No último dia 3 de dezembro, às 22h31, horas antes do horário marcado para o leilão da CEB, a desembargadora Fátima Rafael, do TJDFT, concedia uma liminar para suspender a privatização da CEB sem prévia legislação aprovada pela Câmara Legislativa autorizando a venda. Apesar dos advogados da CEB terem conhecimento da decisão, que pode ser comprovada nos autos do processo, o GDF e a Direção da Estatal decidiram descumprir a decisão judicial. Desrespeitando a liminar, Ibaneis bateu o martelo no leilão que vendeu a empresa pública. 

Investido no principal cargo do Executivo local, Ibaneis Rocha vem se mostrando o extremo oposto do que ventilou durante a campanha eleitoral de 2018, com total indisposição para diálogo, negociação ou qualquer tipo de interação com as representações da sociedade civil. E a privatização da CEB Distribuidora indica que o governador pode até ter cometido crime de responsabilidade.

Pela Lei Orgânica do Distrito Federal, a privatização da CEB só poderia ter sido feita após passar pelo crivo da Câmara Legislativa do DF, espaço determinante para que se fosse feito debate público sobre o tema. Além disso, um dia antes de Ibaneis concretizar a venda da estatal, o Tribunal de Justiça do DF e Territórios (TJDFT) suspendeu a possibilidade de privatização da CEB sem a autorização da CLDF. Em decisão liminar, a desembargadora Fátima Rafael considerou que a privatização da CEB Distribuidora corresponde à “extinção” do grupo CEB, já que é possuidora de 96% da receita bruta. Mas nem isso foi suficiente para que o governador Ibaneis abalasse sua determinação em privatizar o patrimônio público.
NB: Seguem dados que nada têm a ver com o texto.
lemma dderiv_commute_time_space:
  fixes F :: "real \<times> (real^'d::finite) \<Rightarrow> 'b::real_normed_vector"
  assumes F: "smooth_on ({0..<\<tau>} \<times> UNIV) F" and s: "s \<in> {0..<\<tau>}"
    and u: "fst u \<in> {0..1}" and v: "fst v \<in> {0..1}"
  shows "dderiv ({0..<\<tau>} \<times> UNIV) [v, u] F (s, z) = dderiv ({0..<\<tau>} \<times> UNIV) [u, v] F (s, z)"
proof (rule dderiv_commute[OF F])
  show "(s, z) \<in> {0..<\<tau>} \<times> UNIV" "0 < (\<tau> - s) / 3" using s by auto
  fix a b :: real assume ab: "a \<in> {0..(\<tau> - s) / 3}" "b \<in> {0..(\<tau> - s) / 3}"
  have "a * fst u \<le> a" "b * fst v \<le> b" using ab u v by (auto intro: mult_left_le)
  moreover have "0 \<le> a * fst u" "0 \<le> b * fst v" using ab u v by auto
  ultimately show "(s, z) + a *\<^sub>R u + b *\<^sub>R v \<in> {0..<\<tau>} \<times> UNIV"
    using ab s by (cases u, cases v) auto
qed

section \<open>Integration over the fundamental cell\<close>

definition lattice_comb :: "('d::finite \<Rightarrow> real^'d) \<Rightarrow> real^'d \<Rightarrow> real^'d" where
  "lattice_comb b c = (\<Sum>i\<in>UNIV. (c $ i) *\<^sub>R b i)"

lemma linear_lattice_comb: "linear (lattice_comb b)"
  unfolding lattice_comb_def
  by (intro linearI) (auto simp: scaleR_add_left sum.distrib scaleR_sum_right)

lemma lattice_comb_axis: "lattice_comb b (axis i 1) = b i"
proof -
  have "(\<Sum>j\<in>UNIV. (axis i 1 $ j) *\<^sub>R b j) = (\<Sum>j\<in>UNIV. if j = i then b j else 0)"
    by (rule sum.cong) (auto simp: axis_def)
  then show ?thesis by (simp add: lattice_comb_def)
qed

lemma basis_in_lattice: "b i \<in> lattice b"
proof -
  have "(\<Sum>j\<in>UNIV. of_int (if j = i then 1 else 0) *\<^sub>R b j) = (\<Sum>j\<in>UNIV. if j = i then b j else 0)"
    by (rule sum.cong) auto
  then have "\<exists>m. b i = (\<Sum>j\<in>UNIV. of_int (m j) *\<^sub>R b j) \<and> True"
    by (intro exI[of _ "\<lambda>j. if j = i then (1::int) else 0"]) simp
  then show ?thesis unfolding lattice_def by simp
qed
Para além de uma flagrante ação ilícita, o governador do DF também não encontrou justificativas lógicas para a privatização da CEB. À mídia tradicional, Ibaneis apresentou uma dívida de R$ 800 milhões da empresa pública. Entretanto, em nenhum momento trouxe à tona que a CEB tem a receber algo em torno de R$ 2 bilhões, entre contas e ativos para alienação. Aliás, somente o GDF deve cerca de R$ 60 milhões à estatal.O governador também nunca citou que a CEB recebeu o Prêmio Aneel de Qualidade, em 2019, ao ser considerada a concessionária com melhor avaliação do consumidor na região Centro-Oeste, além de somar também, em 2020, o título de 7ª melhor do Brasil em qualidade de serviços entre as concessionárias de grande porte com mais de 400 mil clientes.

A própria história condena a decisão autoritária e intransigente de Ibaneis Rocha. Basta observar o caos energético no Amapá. Protagonizado pela empresa estrangeira Gemini Energy, o apagão que deixou milhares de pessoas no escuro por 22 dias só encontrou saída quando a estatal Eletrobras entrou em ação.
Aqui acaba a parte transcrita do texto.